With the return to democracy, in 1990, Claudio Huepe was elected again to the Chamber of Deputies, for the same region he had represented before the coup, now District 46 (Lota, Lebu, Arauco, Curanilahue, Los Álamos, Cañete, Contulmo, and Tirúa), with a 35.93% of the votes.

In 1997, he was appointed Undersecretary at the Ministry General Secretariat of Government (1997–2000) by President Eduardo Frei Ruiz-Tagle. In 2000, the newly elected President Ricardo Lagos named him Minister Secretary-General of Government (2000–2002), While he succeeded as a cabinet-member in completing several important initiatives such as the Chilean Press Law or the Freedom of Religion Law, and in modernizing the image of the Chilean government, his work as the government spokesperson (an additional responsibility of this position) was considered opaque. He was replaced in 2002 by the Heraldo Muñoz, of the Socialist Party.
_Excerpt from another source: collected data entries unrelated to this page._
lemma num_free_split:
  assumes fin: "finite H" "finite X1" "finite X2" "finite X3"
    and disj: "H \<inter> X1 = {}" "H \<inter> X2 = {}" "H \<inter> X3 = {}" "X1 \<inter> X2 = {}" "X1 \<inter> X3 = {}" "X2 \<inter> X3 = {}"
    and cliques: "\<And>S. all_edges S \<subseteq> H \<union> X1 \<union> X2 \<union> X3 \<Longrightarrow>
       all_edges S \<subseteq> H \<union> X1 \<or> all_edges S \<subseteq> H \<union> X2 \<or> all_edges S \<subseteq> H \<union> X3"
  shows "num_free (H \<union> X1 \<union> X2 \<union> X3) r k \<phi> =
    (\<Sum>\<psi>\<in>free_colorings H r k \<phi>. card (free_extensions r k \<phi> H X1 \<psi>) *
       card (free_extensions r k \<phi> H X2 \<psi>) * card (free_extensions r k \<phi> H X3 \<psi>))"
proof -
  let ?F = "H \<union> X1 \<union> X2 \<union> X3" and ?ext = "free_extensions r k \<phi> H"
  let ?T = "SIGMA \<psi>:free_colorings H r k \<phi>. ?ext X1 \<psi> \<times> ?ext X2 \<psi> \<times> ?ext X3 \<psi>"
  define split where
    "split c = (restrict c H, restrict c X1, restrict c X2, restrict c X3)" for c :: "nat set \<Rightarrow> nat"
  define glue where "glue = (\<lambda>(\<psi>, \<alpha>1, \<alpha>2, \<alpha>3) e.
     if e \<in> H then \<psi> e else if e \<in> X1 then \<alpha>1 e else if e \<in> X2 then \<alpha>2 e else \<alpha>3 (e :: nat set) :: nat)"
  have "bij_betw split (free_colorings ?F r k \<phi>) ?T"
  proof (rule bij_betw_byWitness[where f' = glue])
    show "\<forall>c\<in>free_colorings ?F r k \<phi>. glue (split c) = c"
      by (auto simp: free_colorings_def split_def glue_def fun_eq_iff PiE_def extensional_def)
    show "\<forall>t\<in>?T. split (glue t) = t"
    proof clarify
      fix \<psi> \<alpha>1 \<alpha>2 \<alpha>3 assume "\<psi> \<in> free_colorings H r k \<phi>"
        "\<alpha>1 \<in> ?ext X1 \<psi>" "\<alpha>2 \<in> ?ext X2 \<psi>" "\<alpha>3 \<in> ?ext X3 \<psi>"
      then have "\<psi> \<in> extensional H" "\<alpha>1 \<in> extensional X1" "\<alpha>2 \<in> extensional X2"
        "\<alpha>3 \<in> extensional X3"
        by (auto simp: free_colorings_def free_extensions_def PiE_def)
      then show "split (glue (\<psi>, \<alpha>1, \<alpha>2, \<alpha>3)) = (\<psi>, \<alpha>1, \<alpha>2, \<alpha>3)"
        using disj unfolding split_def glue_def by (auto simp: fun_eq_iff extensional_def)
    qed
    show "split ` free_colorings ?F r k \<phi> \<subseteq> ?T"
      by (auto simp: split_def intro!: restrict_free_colorings free_extensions_restrict)
    show "glue ` ?T \<subseteq> free_colorings ?F r k \<phi>"
    proof clarify
      fix \<psi> \<alpha>1 \<alpha>2 \<alpha>3 assume "\<psi> \<in> free_colorings H r k \<phi>"
        and \<alpha>: "\<alpha>1 \<in> ?ext X1 \<psi>" "\<alpha>2 \<in> ?ext X2 \<psi>" "\<alpha>3 \<in> ?ext X3 \<psi>"
      then have PiE: "\<psi> \<in> H \<rightarrow>\<^sub>E {1..r}" "\<alpha>1 \<in> X1 \<rightarrow>\<^sub>E {1..r}" "\<alpha>2 \<in> X2 \<rightarrow>\<^sub>E {1..r}"
        "\<alpha>3 \<in> X3 \<rightarrow>\<^sub>E {1..r}"
        by (auto simp: free_colorings_def free_extensions_def)
      let ?c = "glue (\<psi>, \<alpha>1, \<alpha>2, \<alpha>3)"
      have restr: "restrict ?c (H \<union> X1) = (\<lambda>e. if e \<in> H then \<psi> e else \<alpha>1 e)"
        "restrict ?c (H \<union> X2) = (\<lambda>e. if e \<in> H then \<psi> e else \<alpha>2 e)"
        "restrict ?c (H \<union> X3) = (\<lambda>e. if e \<in> H then \<psi> e else \<alpha>3 e)"
        using PiE disj by (auto simp: glue_def fun_eq_iff PiE_def extensional_def)
      show "?c \<in> free_colorings ?F r k \<phi>"
      proof (rule free_colorings_glue[where \<G> = "{H \<union> X1, H \<union> X2, H \<union> X3}"])
        show "?c \<in> ?F \<rightarrow>\<^sub>E {1..r}" using PiE by (auto simp: glue_def PiE_iff extensional_def)
        show "\<exists>G\<in>{H \<union> X1, H \<union> X2, H \<union> X3}. all_edges S \<subseteq> G" if "all_edges S \<subseteq> ?F" for S
          using cliques[OF that] by blast
        show "restrict ?c G \<in> free_colorings G r k \<phi>" if "G \<in> {H \<union> X1, H \<union> X2, H \<union> X3}" for G
          using that \<alpha> unfolding free_extensions_def by (auto simp only: restr)
      qed
    qed
  qed
  then have "num_free ?F r k \<phi> = card ?T" unfolding num_free_def by (rule bij_betw_same_card)
  also have "\<dots> = (\<Sum>\<psi>\<in>free_colorings H r k \<phi>. card (?ext X1 \<psi>) * card (?ext X2 \<psi>) * card (?ext X3 \<psi>))"
    using fin by (subst card_SigmaI)
      (auto simp: card_cartesian_product mult.assoc free_colorings_finite free_extensions_finite)
  finally show ?thesis .
qed

lemma not_both_in_clique:
  assumes "all_edges S \<subseteq> F" "\<forall>e\<in>F. p \<notin> e \<or> q \<notin> e" "p \<noteq> q"
  shows "p \<notin> S \<or> q \<notin> S"
proof -
  have "{p, q} \<notin> all_edges S" using assms(1,2) by blast
  then show ?thesis using \<open>p \<noteq> q\<close> by (auto simp: all_edges_def)
qed

lemma all_edges_disjoint_star:
  assumes "\<forall>e\<in>X. p \<in> e" "p \<notin> S"
  shows "all_edges S \<inter> X = {}"
  using assms by (auto simp: all_edges_def)

lemma num_free_three_stars:
  assumes "p1 \<noteq> p2" "p1 \<noteq> p3" "p2 \<noteq> p3"
    and H: "\<forall>e\<in>H. p1 \<notin> e \<and> p2 \<notin> e \<and> p3 \<notin> e"
    and X1: "\<forall>e\<in>X1. p1 \<in> e \<and> p2 \<notin> e \<and> p3 \<notin> e"
    and X2: "\<forall>e\<in>X2. p2 \<in> e \<and> p1 \<notin> e \<and> p3 \<notin> e"
    and X3: "\<forall>e\<in>X3. p3 \<in> e \<and> p1 \<notin> e \<and> p2 \<notin> e"
    and "finite H" "finite X1" "finite X2" "finite X3"
  shows "num_free (H \<union> X1 \<union> X2 \<union> X3) r k \<phi> =
    (\<Sum>\<psi>\<in>free_colorings H r k \<phi>. card (free_extensions r k \<phi> H X1 \<psi>) *
       card (free_extensions r k \<phi> H X2 \<psi>) * card (free_extensions r k \<phi> H X3 \<psi>))"
proof (rule num_free_split[OF \<open>finite H\<close> \<open>finite X1\<close> \<open>finite X2\<close> \<open>finite X3\<close>])
  fix S assume S: "all_edges S \<subseteq> H \<union> X1 \<union> X2 \<union> X3"
  have "\<forall>e\<in>H \<union> X1 \<union> X2 \<union> X3. p1 \<notin> e \<or> p2 \<notin> e" using H X1 X2 X3 by blast
  then have "p1 \<notin> S \<or> p2 \<notin> S" using not_both_in_clique[OF S] \<open>p1 \<noteq> p2\<close> by blast
  moreover have "\<forall>e\<in>H \<union> X1 \<union> X2 \<union> X3. p1 \<notin> e \<or> p3 \<notin> e" using H X1 X2 X3 by blast
  then have "p1 \<notin> S \<or> p3 \<notin> S" using not_both_in_clique[OF S] \<open>p1 \<noteq> p3\<close> by blast
  moreover have "\<forall>e\<in>H \<union> X1 \<union> X2 \<union> X3. p2 \<notin> e \<or> p3 \<notin> e" using H X1 X2 X3 by blast
  then have "p2 \<notin> S \<or> p3 \<notin> S" using not_both_in_clique[OF S] \<open>p2 \<noteq> p3\<close> by blast
  moreover have "all_edges S \<inter> X1 = {}" if "p1 \<notin> S"
    using X1 that by (intro all_edges_disjoint_star) auto
  moreover have "all_edges S \<inter> X2 = {}" if "p2 \<notin> S"
    using X2 that by (intro all_edges_disjoint_star) auto
  moreover have "all_edges S \<inter> X3 = {}" if "p3 \<notin> S"
    using X3 that by (intro all_edges_disjoint_star) auto
  ultimately show "all_edges S \<subseteq> H \<union> X1 \<or> all_edges S \<subseteq> H \<union> X2 \<or> all_edges S \<subseteq> H \<union> X3"
    using S by blast
next
  show "H \<inter> X1 = {}" using H X1 by blast
  show "H \<inter> X2 = {}" using H X2 by blast
  show "H \<inter> X3 = {}" using H X3 by blast
  show "X1 \<inter> X2 = {}" using X1 X2 by blast
  show "X1 \<inter> X3 = {}" using X1 X3 by blast
  show "X2 \<inter> X3 = {}" using X2 X3 by blast
qed

lemma free_extensions_empty:
  "\<psi> \<in> free_colorings H r k \<phi> \<Longrightarrow> free_extensions r k \<phi> H {} \<psi> = {\<lambda>_. undefined}"
proof -
  assume \<psi>: "\<psi> \<in> free_colorings H r k \<phi>"
  then have "(\<lambda>e. if e \<in> H then \<psi> e else undefined) = \<psi>"
    by (auto simp: free_colorings_def PiE_def extensional_def)
  then show ?thesis using \<psi> by (auto simp: free_extensions_def)
qed

lemma num_free_two_stars:
  assumes "p1 \<noteq> p2"
    and H: "\<forall>e\<in>H. p1 \<notin> e \<and> p2 \<notin> e"
    and X1: "\<forall>e\<in>X1. p1 \<in> e \<and> p2 \<notin> e"
    and X2: "\<forall>e\<in>X2. p2 \<in> e \<and> p1 \<notin> e"
    and "finite H" "finite X1" "finite X2"
  shows "num_free (H \<union> X1 \<union> X2) r k \<phi> =
    (\<Sum>\<psi>\<in>free_colorings H r k \<phi>. card (free_extensions r k \<phi> H X1 \<psi>) * card (free_extensions r k \<phi> H X2 \<psi>))"
proof -
  have "num_free (H \<union> X1 \<union> X2 \<union> {}) r k \<phi> =
    (\<Sum>\<psi>\<in>free_colorings H r k \<phi>. card (free_extensions r k \<phi> H X1 \<psi>) *
       card (free_extensions r k \<phi> H X2 \<psi>) * card (free_extensions r k \<phi> H {} \<psi>))"
  proof (rule num_free_split[OF \<open>finite H\<close> \<open>finite X1\<close> \<open>finite X2\<close> finite.emptyI])
    fix S assume S: "all_edges S \<subseteq> H \<union> X1 \<union> X2 \<union> {}"
    have "\<forall>e\<in>H \<union> X1 \<union> X2 \<union> {}. p1 \<notin> e \<or> p2 \<notin> e" using H X1 X2 by blast
    then have "p1 \<notin> S \<or> p2 \<notin> S" using not_both_in_clique[OF S] \<open>p1 \<noteq> p2\<close> by blast
    moreover have "all_edges S \<inter> X1 = {}" if "p1 \<notin> S"
      using X1 that by (intro all_edges_disjoint_star) auto
    moreover have "all_edges S \<inter> X2 = {}" if "p2 \<notin> S"
      using X2 that by (intro all_edges_disjoint_star) auto
    ultimately show "all_edges S \<subseteq> H \<union> X1 \<or> all_edges S \<subseteq> H \<union> X2 \<or> all_edges S \<subseteq> H \<union> {}"
      using S by blast
  next
    show "H \<inter> X1 = {}" using H X1 by blast
    show "H \<inter> X2 = {}" using H X2 by blast
    show "X1 \<inter> X2 = {}" using X1 X2 by blast
  qed simp_all
  then show ?thesis by (simp add: free_extensions_empty cong: sum.cong)
qed

lemma sum_squares_eq_sum_mult:
  fixes a b :: "'i \<Rightarrow> nat"
  assumes "(\<Sum>i\<in>A. a i * a i) \<le> (\<Sum>i\<in>A. a i * b i)" "(\<Sum>i\<in>A. b i * b i) \<le> (\<Sum>i\<in>A. a i * b i)"
  shows "(\<Sum>i\<in>A. a i * a i) = (\<Sum>i\<in>A. a i * b i)"
proof -
  let ?A = "\<Sum>i\<in>A. int (a i) * int (a i)" and ?B = "\<Sum>i\<in>A. int (b i) * int (b i)"
    and ?C = "\<Sum>i\<in>A. int (a i) * int (b i)"
  have "0 \<le> (\<Sum>i\<in>A. (int (a i) - int (b i)) * (int (a i) - int (b i)))"
    by (rule sum_nonneg) simp
  also have "\<dots> = ?A + ?B - 2 * ?C"
    by (simp add: algebra_simps sum.distrib sum_subtractf sum_distrib_left)
  finally have "0 \<le> ?A + ?B - 2 * ?C" .
  moreover have "?A \<le> ?C" "?B \<le> ?C" using assms by (simp_all flip: of_nat_mult of_nat_sum)
  ultimately have "?A = ?C" by linarith
  then show ?thesis by (simp flip: of_nat_mult of_nat_sum)
qed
In 2005, he ran again as a candidate for the Chamber of Deputies to represent a different zone (District 41), but was not elected. He was later named Ambassador to Venezuela by President Michelle Bachelet, but presented his resignation in mid-2007, after accepting the political responsibility for unveiling a private conversation with the President on the Venezuelan television channel teleSur regarding the 2006 Chilean vote for the United Nations Security Council.

Claudio Huepe died of a heart attack on May 11, 2009, while visiting Caracas, Venezuela.